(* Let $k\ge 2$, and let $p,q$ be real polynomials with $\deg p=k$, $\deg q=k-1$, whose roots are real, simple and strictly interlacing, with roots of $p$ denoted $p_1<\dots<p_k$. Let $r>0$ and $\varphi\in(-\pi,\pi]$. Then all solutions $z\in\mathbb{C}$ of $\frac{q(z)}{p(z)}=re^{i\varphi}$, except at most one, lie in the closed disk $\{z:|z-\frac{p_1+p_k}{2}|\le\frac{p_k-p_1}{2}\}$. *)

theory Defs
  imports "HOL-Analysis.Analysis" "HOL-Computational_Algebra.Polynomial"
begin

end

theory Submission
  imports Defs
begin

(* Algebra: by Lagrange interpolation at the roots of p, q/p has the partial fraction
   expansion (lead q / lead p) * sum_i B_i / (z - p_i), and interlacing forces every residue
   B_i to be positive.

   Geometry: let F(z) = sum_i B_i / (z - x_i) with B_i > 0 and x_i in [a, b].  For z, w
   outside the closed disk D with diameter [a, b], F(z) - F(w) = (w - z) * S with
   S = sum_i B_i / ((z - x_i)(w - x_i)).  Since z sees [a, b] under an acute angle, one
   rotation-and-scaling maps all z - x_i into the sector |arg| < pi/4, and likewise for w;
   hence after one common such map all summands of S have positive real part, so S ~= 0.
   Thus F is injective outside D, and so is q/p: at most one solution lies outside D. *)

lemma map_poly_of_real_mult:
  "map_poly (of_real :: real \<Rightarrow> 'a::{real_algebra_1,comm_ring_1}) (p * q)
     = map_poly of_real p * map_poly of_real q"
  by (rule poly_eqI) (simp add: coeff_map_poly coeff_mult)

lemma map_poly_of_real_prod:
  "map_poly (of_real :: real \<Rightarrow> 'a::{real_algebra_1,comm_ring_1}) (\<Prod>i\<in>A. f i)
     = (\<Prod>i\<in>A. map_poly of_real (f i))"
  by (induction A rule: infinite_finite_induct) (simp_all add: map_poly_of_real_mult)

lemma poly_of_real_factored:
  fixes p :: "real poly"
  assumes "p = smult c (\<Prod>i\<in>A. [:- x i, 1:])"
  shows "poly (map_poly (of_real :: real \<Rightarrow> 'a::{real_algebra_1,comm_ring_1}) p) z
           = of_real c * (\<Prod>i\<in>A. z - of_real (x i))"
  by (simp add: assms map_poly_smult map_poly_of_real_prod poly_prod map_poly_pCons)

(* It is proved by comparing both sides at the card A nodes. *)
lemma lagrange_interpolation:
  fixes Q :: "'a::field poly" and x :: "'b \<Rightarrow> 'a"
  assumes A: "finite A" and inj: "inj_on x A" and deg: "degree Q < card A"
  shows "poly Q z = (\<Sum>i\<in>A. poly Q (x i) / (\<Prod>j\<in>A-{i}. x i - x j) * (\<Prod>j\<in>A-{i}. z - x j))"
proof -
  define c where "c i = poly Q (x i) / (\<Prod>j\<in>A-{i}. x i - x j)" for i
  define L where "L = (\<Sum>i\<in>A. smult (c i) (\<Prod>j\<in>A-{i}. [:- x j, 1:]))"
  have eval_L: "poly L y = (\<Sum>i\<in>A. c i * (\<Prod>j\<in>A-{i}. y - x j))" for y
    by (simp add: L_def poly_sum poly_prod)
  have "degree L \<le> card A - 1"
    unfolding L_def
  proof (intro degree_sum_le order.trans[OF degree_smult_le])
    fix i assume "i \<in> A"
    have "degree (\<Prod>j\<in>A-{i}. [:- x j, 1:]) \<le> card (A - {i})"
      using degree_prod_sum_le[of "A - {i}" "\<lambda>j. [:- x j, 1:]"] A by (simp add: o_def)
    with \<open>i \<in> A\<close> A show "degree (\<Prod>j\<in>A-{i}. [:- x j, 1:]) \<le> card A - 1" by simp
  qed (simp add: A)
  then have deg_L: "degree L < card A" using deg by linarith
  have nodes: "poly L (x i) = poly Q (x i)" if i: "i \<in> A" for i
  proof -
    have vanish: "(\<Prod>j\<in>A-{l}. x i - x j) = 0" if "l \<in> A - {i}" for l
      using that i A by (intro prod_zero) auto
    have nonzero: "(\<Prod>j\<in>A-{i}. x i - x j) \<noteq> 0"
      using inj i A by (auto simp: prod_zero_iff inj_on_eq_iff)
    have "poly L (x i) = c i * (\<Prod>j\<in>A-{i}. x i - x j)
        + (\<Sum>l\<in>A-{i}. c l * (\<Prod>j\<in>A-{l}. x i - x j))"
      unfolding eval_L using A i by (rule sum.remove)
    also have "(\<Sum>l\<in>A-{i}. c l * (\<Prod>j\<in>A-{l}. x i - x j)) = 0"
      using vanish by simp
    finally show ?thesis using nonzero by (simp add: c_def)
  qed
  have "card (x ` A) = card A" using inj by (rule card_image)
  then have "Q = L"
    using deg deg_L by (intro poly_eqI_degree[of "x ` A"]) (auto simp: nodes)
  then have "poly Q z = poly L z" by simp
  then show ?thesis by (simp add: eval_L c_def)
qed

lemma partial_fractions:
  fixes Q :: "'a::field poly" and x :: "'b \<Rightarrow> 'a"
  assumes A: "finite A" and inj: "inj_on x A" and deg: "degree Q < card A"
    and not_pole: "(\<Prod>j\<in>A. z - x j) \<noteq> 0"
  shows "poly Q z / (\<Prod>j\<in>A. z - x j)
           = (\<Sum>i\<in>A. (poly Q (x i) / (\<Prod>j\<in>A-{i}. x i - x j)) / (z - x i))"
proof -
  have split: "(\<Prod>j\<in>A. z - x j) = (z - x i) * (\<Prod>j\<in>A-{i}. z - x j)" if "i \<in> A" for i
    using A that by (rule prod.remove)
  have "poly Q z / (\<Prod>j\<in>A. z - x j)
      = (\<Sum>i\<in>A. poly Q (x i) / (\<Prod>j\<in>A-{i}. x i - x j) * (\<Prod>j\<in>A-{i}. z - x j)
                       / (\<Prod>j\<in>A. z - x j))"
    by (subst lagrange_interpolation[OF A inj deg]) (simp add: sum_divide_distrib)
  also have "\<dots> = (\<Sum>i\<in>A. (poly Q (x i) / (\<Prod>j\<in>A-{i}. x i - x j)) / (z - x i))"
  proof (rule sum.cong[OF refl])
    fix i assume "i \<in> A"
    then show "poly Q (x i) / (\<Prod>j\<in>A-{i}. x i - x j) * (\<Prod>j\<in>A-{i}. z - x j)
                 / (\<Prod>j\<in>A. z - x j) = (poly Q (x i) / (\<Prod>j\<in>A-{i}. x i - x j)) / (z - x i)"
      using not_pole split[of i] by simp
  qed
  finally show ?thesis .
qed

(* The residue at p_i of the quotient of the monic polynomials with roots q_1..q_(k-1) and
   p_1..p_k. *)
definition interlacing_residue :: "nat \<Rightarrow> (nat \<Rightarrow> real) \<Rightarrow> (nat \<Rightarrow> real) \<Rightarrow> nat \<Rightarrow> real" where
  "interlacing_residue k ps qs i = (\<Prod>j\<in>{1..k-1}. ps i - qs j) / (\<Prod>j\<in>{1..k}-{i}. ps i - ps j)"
☆ ☆ ☆
Exercise instructions:
Lines from the top of the data above through the line with "B_i to be positive.", both ends included: copy them exactly, nothing more.

Answer box:
(* Let $k\ge 2$, and let $p,q$ be real polynomials with $\deg p=k$, $\deg q=k-1$, whose roots are real, simple and strictly interlacing, with roots of $p$ denoted $p_1<\dots<p_k$. Let $r>0$ and $\varphi\in(-\pi,\pi]$. Then all solutions $z\in\mathbb{C}$ of $\frac{q(z)}{p(z)}=re^{i\varphi}$, except at most one, lie in the closed disk $\{z:|z-\frac{p_1+p_k}{2}|\le\frac{p_k-p_1}{2}\}$. *)

theory Defs
  imports "HOL-Analysis.Analysis" "HOL-Computational_Algebra.Polynomial"
begin

end

theory Submission
  imports Defs
begin

(* Algebra: by Lagrange interpolation at the roots of p, q/p has the partial fraction
   expansion (lead q / lead p) * sum_i B_i / (z - p_i), and interlacing forces every residue
   B_i to be positive.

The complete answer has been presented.